▶ [ABOUT THIS EXERCISE] Your answer should be the lines below from the one with "theory Submission imports Defs begin" to the one with "In coordinates with", both included, given again exactly and with nothing added.
-------- DATA FOR THIS TASK --------
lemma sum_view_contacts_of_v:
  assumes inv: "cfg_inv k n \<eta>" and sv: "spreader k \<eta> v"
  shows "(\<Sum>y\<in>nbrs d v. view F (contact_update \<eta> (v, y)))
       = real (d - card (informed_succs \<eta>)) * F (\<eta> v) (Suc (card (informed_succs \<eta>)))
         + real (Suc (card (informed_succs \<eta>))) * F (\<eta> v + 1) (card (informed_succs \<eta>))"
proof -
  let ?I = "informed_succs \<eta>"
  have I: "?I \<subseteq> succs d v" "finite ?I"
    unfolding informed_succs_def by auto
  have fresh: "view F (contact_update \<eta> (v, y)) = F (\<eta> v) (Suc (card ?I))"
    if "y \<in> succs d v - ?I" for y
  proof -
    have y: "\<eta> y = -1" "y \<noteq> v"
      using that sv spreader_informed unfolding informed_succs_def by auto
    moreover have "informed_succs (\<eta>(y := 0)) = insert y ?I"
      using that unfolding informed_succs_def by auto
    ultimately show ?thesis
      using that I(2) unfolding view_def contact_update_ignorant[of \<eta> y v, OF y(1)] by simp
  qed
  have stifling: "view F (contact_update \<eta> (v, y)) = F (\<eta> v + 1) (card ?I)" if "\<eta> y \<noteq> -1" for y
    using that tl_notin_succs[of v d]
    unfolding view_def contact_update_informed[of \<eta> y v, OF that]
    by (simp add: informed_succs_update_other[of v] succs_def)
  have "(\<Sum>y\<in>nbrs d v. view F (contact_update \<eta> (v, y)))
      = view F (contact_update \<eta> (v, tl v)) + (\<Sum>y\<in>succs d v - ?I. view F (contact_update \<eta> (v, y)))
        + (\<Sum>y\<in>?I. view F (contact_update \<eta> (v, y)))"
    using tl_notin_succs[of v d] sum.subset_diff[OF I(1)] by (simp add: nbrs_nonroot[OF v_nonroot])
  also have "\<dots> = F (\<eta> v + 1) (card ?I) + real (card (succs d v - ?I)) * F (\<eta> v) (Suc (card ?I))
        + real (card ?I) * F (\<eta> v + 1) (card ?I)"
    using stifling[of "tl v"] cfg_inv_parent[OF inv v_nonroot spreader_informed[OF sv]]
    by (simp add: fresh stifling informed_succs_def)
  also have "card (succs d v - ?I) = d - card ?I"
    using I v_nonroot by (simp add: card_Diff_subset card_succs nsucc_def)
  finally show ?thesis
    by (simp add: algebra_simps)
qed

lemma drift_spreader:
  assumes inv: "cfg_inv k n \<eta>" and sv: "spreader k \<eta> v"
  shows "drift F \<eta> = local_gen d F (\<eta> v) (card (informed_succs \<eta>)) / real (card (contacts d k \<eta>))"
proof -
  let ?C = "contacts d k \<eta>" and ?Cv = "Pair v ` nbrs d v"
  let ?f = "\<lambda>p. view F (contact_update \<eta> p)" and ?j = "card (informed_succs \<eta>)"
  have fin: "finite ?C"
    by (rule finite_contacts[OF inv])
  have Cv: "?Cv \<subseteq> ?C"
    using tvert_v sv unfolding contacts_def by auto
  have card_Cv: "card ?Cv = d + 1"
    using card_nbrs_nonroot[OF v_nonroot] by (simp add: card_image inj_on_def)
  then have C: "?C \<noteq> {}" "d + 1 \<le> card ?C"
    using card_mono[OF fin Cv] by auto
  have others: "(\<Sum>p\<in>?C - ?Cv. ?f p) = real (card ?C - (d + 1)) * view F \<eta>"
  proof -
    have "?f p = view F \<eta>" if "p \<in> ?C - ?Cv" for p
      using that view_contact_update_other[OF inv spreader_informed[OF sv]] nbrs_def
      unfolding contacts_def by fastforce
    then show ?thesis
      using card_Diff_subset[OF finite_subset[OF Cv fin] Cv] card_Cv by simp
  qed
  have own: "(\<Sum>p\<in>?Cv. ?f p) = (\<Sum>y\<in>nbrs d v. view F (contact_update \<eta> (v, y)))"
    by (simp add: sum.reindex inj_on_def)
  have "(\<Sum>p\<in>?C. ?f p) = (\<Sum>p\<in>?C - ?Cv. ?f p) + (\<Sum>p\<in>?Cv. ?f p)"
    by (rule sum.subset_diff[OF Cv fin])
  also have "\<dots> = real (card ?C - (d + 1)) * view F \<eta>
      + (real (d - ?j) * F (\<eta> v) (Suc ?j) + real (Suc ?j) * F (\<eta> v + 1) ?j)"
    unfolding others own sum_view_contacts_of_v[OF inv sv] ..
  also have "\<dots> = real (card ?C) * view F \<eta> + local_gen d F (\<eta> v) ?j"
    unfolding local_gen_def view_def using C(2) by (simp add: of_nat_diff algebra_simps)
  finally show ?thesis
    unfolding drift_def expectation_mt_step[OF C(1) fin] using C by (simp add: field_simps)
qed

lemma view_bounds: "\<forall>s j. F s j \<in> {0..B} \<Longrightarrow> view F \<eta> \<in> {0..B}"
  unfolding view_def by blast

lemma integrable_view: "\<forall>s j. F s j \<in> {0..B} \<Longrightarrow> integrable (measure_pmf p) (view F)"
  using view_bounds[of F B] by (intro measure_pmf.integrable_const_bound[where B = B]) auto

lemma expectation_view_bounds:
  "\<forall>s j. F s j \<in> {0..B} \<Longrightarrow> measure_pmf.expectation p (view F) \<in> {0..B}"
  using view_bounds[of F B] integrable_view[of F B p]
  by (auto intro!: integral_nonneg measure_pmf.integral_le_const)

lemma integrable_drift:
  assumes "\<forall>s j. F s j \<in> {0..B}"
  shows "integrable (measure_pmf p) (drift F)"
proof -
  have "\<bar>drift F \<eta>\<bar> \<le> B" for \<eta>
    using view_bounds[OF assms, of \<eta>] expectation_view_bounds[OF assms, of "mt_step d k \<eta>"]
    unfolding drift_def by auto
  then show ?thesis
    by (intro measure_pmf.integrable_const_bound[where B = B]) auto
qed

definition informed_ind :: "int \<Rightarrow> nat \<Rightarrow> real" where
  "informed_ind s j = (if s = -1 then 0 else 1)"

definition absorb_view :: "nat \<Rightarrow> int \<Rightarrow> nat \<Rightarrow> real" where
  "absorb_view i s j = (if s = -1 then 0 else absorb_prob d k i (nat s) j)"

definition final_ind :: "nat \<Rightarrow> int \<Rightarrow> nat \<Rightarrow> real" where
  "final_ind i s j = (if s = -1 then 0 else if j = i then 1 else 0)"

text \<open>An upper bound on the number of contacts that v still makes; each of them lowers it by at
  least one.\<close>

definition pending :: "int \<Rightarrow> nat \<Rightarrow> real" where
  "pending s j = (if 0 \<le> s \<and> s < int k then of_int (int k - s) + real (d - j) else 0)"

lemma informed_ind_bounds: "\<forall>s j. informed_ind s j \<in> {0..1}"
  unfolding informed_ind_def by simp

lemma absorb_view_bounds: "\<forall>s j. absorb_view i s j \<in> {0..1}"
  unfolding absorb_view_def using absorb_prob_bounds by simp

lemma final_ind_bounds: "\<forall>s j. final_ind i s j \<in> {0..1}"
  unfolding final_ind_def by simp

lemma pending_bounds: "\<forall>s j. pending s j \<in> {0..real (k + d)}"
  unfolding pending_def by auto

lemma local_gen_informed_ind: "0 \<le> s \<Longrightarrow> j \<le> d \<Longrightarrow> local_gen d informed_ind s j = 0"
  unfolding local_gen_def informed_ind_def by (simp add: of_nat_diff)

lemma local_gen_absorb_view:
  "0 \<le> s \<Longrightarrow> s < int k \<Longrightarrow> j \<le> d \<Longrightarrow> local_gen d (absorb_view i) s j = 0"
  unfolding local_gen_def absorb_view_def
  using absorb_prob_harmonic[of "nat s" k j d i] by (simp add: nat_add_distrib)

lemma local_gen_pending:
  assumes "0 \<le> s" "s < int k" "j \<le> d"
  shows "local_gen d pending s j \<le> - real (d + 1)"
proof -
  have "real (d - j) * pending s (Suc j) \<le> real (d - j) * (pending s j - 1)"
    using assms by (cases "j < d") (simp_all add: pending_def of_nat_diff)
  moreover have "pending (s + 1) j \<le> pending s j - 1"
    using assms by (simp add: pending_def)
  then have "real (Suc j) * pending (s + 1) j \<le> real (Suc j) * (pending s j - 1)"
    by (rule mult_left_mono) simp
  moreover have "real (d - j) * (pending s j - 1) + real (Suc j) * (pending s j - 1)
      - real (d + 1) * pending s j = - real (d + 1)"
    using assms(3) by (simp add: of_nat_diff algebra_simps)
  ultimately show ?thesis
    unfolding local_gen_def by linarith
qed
--------
-------- DATA FOR THIS TASK --------
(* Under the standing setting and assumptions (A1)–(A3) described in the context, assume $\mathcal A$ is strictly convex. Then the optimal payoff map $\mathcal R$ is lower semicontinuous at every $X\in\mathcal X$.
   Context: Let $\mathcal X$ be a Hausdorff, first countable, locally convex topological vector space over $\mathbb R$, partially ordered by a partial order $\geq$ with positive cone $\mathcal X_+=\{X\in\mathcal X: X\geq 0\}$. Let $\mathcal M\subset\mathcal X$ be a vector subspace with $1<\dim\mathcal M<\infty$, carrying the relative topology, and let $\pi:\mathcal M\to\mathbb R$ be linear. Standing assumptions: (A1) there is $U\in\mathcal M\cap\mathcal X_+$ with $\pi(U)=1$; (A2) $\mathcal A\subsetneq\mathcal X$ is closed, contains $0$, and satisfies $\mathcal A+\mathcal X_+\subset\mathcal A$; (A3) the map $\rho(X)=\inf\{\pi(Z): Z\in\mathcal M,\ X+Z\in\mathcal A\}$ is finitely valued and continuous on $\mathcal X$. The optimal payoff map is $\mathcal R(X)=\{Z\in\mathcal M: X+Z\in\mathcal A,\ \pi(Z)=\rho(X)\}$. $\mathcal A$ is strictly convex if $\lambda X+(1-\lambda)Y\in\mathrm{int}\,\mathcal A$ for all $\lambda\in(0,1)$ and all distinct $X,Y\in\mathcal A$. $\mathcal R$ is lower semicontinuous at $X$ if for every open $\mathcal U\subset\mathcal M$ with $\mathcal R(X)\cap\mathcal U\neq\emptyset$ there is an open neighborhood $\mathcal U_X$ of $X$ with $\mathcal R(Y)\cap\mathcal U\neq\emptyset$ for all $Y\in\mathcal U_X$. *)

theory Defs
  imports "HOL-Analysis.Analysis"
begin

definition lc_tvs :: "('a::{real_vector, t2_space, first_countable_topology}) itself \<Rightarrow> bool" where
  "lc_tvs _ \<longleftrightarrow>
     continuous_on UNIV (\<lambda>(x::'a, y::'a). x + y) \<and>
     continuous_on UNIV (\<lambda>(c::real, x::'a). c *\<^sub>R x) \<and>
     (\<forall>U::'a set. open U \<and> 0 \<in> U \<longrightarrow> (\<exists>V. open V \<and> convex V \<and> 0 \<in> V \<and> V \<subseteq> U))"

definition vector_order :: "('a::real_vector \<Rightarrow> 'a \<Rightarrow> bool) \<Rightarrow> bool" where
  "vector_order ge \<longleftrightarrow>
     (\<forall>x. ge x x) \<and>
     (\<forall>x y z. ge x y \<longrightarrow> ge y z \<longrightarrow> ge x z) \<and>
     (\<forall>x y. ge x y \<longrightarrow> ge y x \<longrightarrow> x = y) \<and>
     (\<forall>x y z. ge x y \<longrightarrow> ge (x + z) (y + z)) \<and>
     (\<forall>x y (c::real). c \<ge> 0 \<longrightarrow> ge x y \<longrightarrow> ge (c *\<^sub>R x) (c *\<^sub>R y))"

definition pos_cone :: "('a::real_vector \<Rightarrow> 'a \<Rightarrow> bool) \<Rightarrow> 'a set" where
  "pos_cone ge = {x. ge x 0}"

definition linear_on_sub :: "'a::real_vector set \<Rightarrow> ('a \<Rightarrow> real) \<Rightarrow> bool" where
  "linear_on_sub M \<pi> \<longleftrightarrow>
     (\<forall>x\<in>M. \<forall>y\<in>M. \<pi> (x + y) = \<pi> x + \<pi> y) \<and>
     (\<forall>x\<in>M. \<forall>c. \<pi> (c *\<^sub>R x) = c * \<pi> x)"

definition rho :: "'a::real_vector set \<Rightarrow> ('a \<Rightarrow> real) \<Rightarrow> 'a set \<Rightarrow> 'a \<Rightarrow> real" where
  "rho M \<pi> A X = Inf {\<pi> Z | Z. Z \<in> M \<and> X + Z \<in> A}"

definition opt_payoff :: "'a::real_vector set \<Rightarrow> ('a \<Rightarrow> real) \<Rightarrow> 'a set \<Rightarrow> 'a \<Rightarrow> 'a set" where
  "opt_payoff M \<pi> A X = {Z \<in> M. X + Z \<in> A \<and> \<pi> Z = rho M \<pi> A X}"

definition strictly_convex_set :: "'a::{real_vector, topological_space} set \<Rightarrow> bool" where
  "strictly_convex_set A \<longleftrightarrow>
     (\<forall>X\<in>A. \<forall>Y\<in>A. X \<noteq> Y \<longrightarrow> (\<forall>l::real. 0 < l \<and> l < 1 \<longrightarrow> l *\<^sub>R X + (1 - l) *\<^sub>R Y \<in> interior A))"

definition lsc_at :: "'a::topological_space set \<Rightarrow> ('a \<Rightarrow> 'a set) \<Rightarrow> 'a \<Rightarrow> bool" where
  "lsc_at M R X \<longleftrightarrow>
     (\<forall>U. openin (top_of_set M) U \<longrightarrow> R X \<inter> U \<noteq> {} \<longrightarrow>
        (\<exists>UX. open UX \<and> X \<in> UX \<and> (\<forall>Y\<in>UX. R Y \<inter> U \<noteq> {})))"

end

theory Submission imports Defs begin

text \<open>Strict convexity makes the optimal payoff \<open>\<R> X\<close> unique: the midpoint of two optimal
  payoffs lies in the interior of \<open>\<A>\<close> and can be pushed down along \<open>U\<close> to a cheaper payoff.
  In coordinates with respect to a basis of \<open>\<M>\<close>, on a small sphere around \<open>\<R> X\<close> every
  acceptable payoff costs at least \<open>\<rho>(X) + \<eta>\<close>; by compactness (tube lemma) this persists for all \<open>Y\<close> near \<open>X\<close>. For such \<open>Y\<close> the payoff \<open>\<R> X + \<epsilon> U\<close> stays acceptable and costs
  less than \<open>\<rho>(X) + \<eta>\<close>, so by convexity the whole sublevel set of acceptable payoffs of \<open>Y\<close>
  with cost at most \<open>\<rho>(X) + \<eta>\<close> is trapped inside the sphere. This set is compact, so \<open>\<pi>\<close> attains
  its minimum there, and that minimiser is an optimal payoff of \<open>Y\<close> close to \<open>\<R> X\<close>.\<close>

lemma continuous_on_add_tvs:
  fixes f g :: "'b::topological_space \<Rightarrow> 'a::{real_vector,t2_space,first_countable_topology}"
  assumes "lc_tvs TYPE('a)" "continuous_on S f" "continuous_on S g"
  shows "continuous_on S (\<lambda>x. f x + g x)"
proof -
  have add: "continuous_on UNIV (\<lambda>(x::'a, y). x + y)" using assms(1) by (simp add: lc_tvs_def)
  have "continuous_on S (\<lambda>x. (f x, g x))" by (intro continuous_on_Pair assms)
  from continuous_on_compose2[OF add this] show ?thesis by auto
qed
--------
▶ [PROBLEM SOLUTION]
theory Submission imports Defs begin

text \<open>Strict convexity makes the optimal payoff \<open>\<R> X\<close> unique: the midpoint of two optimal
  payoffs lies in the interior of \<open>\<A>\<close> and can be pushed down along \<open>U\<close> to a cheaper payoff.
  In coordinates with respect to a basis of \<open>\<M>\<close>, on a small sphere around \<open>\<R> X\<close> every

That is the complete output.